Lines with the word "rule" in them must be copied from the records below.

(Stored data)
◆ ◆ ◆ ◆

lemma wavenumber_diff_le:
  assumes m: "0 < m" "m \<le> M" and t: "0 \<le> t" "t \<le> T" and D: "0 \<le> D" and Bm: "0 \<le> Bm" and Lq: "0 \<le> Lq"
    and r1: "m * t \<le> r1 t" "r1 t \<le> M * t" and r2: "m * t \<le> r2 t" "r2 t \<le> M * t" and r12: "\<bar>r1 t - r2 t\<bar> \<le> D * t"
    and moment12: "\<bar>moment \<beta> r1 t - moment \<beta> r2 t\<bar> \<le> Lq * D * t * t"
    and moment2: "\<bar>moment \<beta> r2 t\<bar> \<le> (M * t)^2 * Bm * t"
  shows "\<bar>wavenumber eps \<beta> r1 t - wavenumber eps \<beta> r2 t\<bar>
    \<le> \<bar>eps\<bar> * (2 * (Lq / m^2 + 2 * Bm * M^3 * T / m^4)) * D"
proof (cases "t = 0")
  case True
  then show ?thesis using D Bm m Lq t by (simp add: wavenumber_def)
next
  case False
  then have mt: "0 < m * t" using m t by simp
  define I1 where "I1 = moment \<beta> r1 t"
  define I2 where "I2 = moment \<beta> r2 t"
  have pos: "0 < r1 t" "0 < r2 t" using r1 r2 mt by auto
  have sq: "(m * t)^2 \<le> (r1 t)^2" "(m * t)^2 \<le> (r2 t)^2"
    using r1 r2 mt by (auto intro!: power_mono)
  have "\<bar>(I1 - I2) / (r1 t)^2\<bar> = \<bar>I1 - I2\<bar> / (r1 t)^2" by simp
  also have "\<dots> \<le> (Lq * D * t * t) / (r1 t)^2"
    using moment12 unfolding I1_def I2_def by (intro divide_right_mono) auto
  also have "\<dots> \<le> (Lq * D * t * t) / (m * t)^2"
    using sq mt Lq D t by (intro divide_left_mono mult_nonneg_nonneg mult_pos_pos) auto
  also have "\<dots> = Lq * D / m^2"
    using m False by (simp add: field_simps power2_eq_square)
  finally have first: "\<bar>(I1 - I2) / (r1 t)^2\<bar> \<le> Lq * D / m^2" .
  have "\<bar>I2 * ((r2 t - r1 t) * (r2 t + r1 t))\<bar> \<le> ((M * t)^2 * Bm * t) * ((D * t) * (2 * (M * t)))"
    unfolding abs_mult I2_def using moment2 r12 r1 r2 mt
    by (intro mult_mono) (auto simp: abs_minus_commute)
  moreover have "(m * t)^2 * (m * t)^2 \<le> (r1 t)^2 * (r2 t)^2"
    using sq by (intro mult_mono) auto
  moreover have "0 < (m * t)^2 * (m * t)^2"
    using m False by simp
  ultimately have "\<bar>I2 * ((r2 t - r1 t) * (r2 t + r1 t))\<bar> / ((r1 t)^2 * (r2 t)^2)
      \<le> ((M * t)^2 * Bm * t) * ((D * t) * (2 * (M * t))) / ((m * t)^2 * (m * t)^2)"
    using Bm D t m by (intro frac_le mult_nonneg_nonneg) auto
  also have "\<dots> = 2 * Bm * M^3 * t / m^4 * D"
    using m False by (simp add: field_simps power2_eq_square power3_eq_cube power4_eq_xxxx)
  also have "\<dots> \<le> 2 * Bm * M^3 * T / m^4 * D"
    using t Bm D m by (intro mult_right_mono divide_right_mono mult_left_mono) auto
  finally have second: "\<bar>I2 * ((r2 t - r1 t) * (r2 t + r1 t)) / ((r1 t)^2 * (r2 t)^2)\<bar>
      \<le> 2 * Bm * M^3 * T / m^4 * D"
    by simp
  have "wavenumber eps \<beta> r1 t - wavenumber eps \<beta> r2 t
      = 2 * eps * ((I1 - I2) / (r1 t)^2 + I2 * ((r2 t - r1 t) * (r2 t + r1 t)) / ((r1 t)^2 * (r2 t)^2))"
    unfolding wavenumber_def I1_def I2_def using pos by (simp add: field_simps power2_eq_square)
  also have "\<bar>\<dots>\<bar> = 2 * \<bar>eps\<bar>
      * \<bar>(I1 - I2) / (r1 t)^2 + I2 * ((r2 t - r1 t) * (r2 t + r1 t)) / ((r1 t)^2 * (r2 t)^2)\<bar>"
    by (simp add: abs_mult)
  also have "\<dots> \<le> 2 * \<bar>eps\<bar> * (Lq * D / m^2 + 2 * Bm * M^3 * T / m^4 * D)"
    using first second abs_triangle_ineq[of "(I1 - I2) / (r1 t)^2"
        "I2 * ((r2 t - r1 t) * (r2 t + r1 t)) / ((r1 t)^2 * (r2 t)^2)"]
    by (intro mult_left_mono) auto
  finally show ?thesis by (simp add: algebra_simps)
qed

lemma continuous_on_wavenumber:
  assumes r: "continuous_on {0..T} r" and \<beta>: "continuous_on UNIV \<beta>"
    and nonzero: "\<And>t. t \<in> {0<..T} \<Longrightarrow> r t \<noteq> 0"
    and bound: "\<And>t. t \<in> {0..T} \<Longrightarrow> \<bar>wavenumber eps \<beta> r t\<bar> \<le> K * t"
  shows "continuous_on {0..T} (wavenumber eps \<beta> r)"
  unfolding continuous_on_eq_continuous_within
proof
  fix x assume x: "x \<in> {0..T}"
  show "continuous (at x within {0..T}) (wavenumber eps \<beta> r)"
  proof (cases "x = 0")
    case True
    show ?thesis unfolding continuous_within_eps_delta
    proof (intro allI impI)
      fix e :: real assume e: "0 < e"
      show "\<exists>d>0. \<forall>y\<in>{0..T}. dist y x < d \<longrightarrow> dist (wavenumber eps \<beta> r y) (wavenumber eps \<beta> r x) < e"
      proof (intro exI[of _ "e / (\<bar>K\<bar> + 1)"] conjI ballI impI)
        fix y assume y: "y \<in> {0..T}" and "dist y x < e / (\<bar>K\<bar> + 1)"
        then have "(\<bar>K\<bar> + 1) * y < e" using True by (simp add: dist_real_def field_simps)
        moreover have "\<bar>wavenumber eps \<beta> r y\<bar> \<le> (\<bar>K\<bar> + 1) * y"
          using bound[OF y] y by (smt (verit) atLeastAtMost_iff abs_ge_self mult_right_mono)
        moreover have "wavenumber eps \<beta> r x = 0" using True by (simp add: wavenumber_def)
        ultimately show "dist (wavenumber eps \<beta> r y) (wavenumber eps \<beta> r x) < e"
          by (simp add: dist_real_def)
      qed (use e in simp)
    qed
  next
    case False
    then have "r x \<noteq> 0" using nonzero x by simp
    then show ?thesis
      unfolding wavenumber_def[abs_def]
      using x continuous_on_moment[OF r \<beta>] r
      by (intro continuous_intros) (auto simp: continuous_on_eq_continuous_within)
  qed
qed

◆ ◆ ◆ ◆

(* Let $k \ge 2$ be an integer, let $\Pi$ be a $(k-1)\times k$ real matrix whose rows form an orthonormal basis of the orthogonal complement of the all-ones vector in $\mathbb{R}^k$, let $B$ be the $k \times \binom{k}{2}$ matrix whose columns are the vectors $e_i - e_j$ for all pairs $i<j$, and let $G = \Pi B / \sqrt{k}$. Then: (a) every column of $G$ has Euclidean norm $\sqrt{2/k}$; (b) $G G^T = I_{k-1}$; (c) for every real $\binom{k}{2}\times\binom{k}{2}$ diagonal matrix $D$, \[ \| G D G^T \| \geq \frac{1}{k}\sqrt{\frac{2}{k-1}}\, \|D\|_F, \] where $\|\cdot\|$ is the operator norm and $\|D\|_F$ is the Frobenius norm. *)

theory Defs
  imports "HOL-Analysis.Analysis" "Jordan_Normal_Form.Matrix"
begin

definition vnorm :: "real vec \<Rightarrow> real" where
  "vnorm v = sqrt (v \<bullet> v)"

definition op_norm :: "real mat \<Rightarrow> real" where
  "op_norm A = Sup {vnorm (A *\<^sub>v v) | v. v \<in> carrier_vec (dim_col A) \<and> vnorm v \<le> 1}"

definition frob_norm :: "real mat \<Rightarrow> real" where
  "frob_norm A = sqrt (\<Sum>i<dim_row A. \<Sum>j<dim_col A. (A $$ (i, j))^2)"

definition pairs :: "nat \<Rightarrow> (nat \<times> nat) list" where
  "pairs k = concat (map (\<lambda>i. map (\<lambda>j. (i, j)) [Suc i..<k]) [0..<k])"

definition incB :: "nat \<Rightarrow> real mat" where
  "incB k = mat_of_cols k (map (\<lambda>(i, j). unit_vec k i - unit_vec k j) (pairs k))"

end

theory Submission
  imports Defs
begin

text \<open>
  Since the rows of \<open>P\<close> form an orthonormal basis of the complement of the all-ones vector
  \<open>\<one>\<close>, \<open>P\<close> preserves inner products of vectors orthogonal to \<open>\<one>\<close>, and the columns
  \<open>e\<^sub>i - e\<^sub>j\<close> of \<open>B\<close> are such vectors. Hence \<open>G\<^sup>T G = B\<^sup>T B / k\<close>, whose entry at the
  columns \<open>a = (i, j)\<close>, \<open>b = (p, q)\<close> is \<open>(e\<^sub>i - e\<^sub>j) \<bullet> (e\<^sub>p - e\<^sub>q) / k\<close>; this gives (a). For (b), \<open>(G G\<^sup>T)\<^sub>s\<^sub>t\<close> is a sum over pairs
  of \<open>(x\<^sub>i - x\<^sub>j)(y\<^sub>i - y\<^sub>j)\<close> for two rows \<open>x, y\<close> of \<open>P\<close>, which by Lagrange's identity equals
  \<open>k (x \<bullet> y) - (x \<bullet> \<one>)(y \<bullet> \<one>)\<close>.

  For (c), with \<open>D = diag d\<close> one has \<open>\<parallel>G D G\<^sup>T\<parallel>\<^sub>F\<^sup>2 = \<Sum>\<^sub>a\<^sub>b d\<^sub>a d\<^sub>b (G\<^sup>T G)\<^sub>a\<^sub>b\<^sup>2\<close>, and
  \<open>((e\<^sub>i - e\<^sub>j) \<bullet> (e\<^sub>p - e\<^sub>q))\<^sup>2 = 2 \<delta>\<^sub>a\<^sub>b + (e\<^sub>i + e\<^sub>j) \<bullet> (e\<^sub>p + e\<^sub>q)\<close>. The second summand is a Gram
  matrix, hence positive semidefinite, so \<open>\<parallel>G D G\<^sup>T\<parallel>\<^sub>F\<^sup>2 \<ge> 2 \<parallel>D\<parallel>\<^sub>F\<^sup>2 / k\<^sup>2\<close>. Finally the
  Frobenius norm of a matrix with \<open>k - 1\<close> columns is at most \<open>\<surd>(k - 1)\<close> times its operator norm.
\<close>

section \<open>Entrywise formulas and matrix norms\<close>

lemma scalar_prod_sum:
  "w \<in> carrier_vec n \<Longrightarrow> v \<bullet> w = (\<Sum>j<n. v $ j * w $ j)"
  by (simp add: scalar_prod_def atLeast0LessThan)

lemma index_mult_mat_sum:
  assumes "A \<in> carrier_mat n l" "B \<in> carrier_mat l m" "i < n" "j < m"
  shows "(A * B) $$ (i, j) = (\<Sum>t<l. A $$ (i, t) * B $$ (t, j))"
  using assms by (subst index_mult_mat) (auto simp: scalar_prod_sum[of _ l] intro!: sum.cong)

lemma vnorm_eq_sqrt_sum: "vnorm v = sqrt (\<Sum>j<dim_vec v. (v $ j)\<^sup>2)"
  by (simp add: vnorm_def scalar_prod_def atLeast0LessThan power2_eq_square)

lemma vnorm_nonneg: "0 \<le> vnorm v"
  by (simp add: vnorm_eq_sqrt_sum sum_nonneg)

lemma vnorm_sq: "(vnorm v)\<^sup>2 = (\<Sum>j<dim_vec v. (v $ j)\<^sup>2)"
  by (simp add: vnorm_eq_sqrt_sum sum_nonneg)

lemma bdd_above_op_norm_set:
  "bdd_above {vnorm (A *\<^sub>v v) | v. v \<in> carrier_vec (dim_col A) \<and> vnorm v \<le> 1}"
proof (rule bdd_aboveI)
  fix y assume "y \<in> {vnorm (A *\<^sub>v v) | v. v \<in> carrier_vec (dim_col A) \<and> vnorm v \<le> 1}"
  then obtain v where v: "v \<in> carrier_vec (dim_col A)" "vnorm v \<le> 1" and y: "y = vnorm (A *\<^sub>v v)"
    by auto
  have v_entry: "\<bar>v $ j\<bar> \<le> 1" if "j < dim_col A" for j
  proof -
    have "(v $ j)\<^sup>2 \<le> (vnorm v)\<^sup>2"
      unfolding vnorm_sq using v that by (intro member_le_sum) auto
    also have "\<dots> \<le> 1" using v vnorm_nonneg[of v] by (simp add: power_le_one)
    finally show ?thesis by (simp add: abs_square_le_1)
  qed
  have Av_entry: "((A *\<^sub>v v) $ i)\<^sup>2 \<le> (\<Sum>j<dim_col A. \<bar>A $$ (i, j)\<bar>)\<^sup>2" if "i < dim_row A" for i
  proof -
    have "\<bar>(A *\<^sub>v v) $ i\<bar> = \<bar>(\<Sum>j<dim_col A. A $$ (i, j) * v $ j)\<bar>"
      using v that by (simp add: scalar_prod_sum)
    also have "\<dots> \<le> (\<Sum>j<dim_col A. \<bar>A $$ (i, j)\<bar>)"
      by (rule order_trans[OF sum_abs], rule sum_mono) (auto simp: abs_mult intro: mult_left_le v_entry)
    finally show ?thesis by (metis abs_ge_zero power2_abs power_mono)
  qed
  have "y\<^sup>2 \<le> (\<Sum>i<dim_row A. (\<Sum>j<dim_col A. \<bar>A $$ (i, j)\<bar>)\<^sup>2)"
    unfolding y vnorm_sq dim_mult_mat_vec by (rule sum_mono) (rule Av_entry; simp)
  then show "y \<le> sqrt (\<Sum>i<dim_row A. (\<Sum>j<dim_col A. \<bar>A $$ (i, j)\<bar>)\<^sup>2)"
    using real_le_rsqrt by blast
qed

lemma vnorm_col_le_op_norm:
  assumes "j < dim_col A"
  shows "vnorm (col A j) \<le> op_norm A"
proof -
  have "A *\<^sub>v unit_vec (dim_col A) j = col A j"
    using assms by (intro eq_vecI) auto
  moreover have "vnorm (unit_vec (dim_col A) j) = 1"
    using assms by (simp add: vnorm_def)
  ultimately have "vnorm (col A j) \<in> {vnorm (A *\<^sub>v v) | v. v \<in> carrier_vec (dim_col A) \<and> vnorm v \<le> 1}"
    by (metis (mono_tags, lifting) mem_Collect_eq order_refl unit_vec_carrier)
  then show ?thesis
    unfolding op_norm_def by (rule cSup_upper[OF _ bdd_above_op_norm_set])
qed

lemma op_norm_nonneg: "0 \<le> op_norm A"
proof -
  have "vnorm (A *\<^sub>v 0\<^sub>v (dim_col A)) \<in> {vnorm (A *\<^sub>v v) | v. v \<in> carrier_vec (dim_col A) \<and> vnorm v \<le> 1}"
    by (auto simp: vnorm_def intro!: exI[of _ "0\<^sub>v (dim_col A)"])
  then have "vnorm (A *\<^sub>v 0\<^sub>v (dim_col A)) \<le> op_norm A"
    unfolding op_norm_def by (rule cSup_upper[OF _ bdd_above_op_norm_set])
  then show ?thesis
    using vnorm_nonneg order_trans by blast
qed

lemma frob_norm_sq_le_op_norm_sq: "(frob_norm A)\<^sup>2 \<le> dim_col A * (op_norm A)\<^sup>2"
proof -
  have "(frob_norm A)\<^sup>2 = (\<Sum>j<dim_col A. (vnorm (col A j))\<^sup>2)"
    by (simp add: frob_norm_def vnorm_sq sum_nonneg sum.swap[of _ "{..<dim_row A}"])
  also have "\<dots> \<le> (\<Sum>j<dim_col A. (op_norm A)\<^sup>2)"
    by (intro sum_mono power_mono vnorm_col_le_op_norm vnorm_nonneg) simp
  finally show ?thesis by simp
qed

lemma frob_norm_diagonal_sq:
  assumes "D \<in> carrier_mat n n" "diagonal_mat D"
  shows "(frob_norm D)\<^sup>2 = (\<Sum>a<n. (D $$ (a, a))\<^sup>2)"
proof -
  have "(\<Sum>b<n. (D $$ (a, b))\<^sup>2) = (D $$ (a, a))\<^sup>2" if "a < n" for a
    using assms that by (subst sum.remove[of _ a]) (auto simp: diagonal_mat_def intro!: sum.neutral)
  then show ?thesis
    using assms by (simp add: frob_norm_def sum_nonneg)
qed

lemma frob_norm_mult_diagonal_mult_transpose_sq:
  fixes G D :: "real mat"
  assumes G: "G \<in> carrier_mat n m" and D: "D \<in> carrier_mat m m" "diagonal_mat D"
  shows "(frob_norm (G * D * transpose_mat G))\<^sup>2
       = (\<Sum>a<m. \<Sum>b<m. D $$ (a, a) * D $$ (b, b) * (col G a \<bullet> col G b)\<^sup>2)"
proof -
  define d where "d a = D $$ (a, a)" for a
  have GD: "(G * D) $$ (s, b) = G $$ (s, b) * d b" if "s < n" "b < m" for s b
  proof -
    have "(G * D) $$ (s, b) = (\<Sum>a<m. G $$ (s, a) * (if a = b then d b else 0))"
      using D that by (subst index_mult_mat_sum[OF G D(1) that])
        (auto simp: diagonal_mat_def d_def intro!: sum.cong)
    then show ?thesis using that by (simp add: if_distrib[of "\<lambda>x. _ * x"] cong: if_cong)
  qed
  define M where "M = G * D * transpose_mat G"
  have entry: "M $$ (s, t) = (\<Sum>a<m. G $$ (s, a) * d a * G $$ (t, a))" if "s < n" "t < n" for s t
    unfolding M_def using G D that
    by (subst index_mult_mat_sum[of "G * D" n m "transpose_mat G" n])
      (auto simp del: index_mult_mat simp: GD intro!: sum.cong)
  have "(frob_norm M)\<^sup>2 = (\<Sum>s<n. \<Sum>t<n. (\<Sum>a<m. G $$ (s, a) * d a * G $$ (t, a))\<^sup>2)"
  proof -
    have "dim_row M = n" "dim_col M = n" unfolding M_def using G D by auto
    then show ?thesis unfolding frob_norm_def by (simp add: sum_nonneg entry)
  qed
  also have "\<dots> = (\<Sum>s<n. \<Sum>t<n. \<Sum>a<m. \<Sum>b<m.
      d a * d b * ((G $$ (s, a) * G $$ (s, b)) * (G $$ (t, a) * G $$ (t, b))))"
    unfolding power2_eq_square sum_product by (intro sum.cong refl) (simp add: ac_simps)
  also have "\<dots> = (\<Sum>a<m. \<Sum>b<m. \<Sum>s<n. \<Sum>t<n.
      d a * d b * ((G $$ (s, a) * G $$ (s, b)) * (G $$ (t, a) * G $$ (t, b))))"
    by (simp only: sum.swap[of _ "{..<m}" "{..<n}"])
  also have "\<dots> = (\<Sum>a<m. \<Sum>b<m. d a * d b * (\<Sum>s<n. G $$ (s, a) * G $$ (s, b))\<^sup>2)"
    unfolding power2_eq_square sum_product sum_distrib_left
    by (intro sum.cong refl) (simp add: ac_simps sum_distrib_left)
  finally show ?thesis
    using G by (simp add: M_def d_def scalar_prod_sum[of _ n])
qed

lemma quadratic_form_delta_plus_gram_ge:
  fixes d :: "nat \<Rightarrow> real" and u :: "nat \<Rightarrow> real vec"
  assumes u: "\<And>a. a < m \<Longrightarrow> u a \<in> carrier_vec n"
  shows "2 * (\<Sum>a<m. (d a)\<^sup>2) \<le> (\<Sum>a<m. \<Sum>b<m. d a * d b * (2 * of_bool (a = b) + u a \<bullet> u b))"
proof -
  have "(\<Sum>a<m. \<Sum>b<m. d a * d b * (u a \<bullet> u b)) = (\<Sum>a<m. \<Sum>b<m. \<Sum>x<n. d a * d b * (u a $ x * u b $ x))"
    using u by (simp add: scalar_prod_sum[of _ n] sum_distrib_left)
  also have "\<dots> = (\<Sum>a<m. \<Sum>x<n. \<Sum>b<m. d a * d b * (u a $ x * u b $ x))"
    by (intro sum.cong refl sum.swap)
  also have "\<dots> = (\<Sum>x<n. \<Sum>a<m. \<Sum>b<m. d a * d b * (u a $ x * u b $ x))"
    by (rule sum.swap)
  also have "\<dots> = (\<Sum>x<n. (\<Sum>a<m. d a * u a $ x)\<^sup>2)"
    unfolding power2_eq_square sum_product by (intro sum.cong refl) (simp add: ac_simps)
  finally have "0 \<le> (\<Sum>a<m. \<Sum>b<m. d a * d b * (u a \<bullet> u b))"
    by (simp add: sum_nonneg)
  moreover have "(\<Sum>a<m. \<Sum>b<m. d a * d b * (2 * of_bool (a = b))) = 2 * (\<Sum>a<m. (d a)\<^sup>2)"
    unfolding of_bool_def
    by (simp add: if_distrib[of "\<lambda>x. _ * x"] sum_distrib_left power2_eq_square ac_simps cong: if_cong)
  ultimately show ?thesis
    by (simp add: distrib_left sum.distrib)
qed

◆ ◆ ◆ ◆

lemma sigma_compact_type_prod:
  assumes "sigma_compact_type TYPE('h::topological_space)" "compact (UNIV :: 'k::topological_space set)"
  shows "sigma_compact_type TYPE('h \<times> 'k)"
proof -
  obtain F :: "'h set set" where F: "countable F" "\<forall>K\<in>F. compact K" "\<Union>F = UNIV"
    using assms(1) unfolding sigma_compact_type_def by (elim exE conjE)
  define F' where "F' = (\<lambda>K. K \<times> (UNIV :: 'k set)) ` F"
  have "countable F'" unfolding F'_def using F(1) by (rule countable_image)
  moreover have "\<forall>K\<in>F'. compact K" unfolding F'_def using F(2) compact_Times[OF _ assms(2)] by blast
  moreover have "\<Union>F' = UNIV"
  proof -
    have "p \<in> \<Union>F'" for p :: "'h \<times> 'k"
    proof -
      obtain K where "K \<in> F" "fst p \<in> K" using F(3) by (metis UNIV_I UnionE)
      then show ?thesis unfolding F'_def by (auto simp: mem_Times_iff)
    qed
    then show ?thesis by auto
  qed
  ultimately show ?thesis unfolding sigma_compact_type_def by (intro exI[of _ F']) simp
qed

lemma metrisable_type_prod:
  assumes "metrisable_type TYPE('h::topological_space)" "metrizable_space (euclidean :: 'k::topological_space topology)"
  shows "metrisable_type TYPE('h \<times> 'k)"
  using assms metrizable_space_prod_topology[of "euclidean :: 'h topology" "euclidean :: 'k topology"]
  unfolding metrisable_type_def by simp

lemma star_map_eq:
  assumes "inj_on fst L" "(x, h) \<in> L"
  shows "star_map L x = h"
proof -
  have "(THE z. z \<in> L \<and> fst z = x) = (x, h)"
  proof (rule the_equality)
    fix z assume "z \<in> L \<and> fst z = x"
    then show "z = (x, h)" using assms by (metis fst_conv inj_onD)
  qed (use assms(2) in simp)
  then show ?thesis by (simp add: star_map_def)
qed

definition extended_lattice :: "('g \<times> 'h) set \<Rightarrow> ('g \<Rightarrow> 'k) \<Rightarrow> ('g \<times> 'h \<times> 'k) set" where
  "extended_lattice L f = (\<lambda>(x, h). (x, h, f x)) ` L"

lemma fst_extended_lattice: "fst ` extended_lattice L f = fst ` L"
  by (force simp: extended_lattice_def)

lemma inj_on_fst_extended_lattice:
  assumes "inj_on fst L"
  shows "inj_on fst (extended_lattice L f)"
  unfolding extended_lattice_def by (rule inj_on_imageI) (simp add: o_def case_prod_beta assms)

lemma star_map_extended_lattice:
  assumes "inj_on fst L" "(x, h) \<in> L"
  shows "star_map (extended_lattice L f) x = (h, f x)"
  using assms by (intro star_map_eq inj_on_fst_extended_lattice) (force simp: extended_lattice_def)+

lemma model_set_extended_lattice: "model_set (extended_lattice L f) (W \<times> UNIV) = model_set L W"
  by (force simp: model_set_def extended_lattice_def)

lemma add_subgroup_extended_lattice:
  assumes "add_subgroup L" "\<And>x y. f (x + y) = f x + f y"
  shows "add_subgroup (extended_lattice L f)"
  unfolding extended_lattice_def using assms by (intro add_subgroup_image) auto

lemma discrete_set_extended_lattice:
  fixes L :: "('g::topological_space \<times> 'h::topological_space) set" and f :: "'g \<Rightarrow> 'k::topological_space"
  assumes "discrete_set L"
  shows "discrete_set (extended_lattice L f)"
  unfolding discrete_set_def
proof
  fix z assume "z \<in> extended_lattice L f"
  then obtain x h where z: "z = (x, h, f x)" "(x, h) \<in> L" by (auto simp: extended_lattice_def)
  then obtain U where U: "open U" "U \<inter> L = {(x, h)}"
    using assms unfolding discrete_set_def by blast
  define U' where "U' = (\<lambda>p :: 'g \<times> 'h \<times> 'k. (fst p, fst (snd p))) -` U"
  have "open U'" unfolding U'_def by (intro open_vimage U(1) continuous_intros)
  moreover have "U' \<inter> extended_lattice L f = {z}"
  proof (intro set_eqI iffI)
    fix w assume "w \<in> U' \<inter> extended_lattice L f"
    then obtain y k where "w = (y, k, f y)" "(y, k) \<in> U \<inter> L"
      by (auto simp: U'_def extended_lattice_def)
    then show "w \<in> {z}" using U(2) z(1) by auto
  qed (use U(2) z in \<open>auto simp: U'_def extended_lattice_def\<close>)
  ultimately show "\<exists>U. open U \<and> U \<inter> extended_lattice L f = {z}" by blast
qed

◆ ◆ ◆ ◆

* The answer:
proof (rule bdd_aboveI)
      by (rule order_trans[OF sum_abs], rule sum_mono) (auto simp: abs_mult intro: mult_left_le v_entry)
    unfolding y vnorm_sq dim_mult_mat_vec by (rule sum_mono) (rule Av_entry; simp)
    unfolding op_norm_def by (rule cSup_upper[OF _ bdd_above_op_norm_set])
    unfolding op_norm_def by (rule cSup_upper[OF _ bdd_above_op_norm_set])
    by (rule sum.swap)
  have "countable F'" unfolding F'_def using F(1) by (rule countable_image)
  proof (rule the_equality)
  unfolding extended_lattice_def by (rule inj_on_imageI) (simp add: o_def case_prod_beta assms)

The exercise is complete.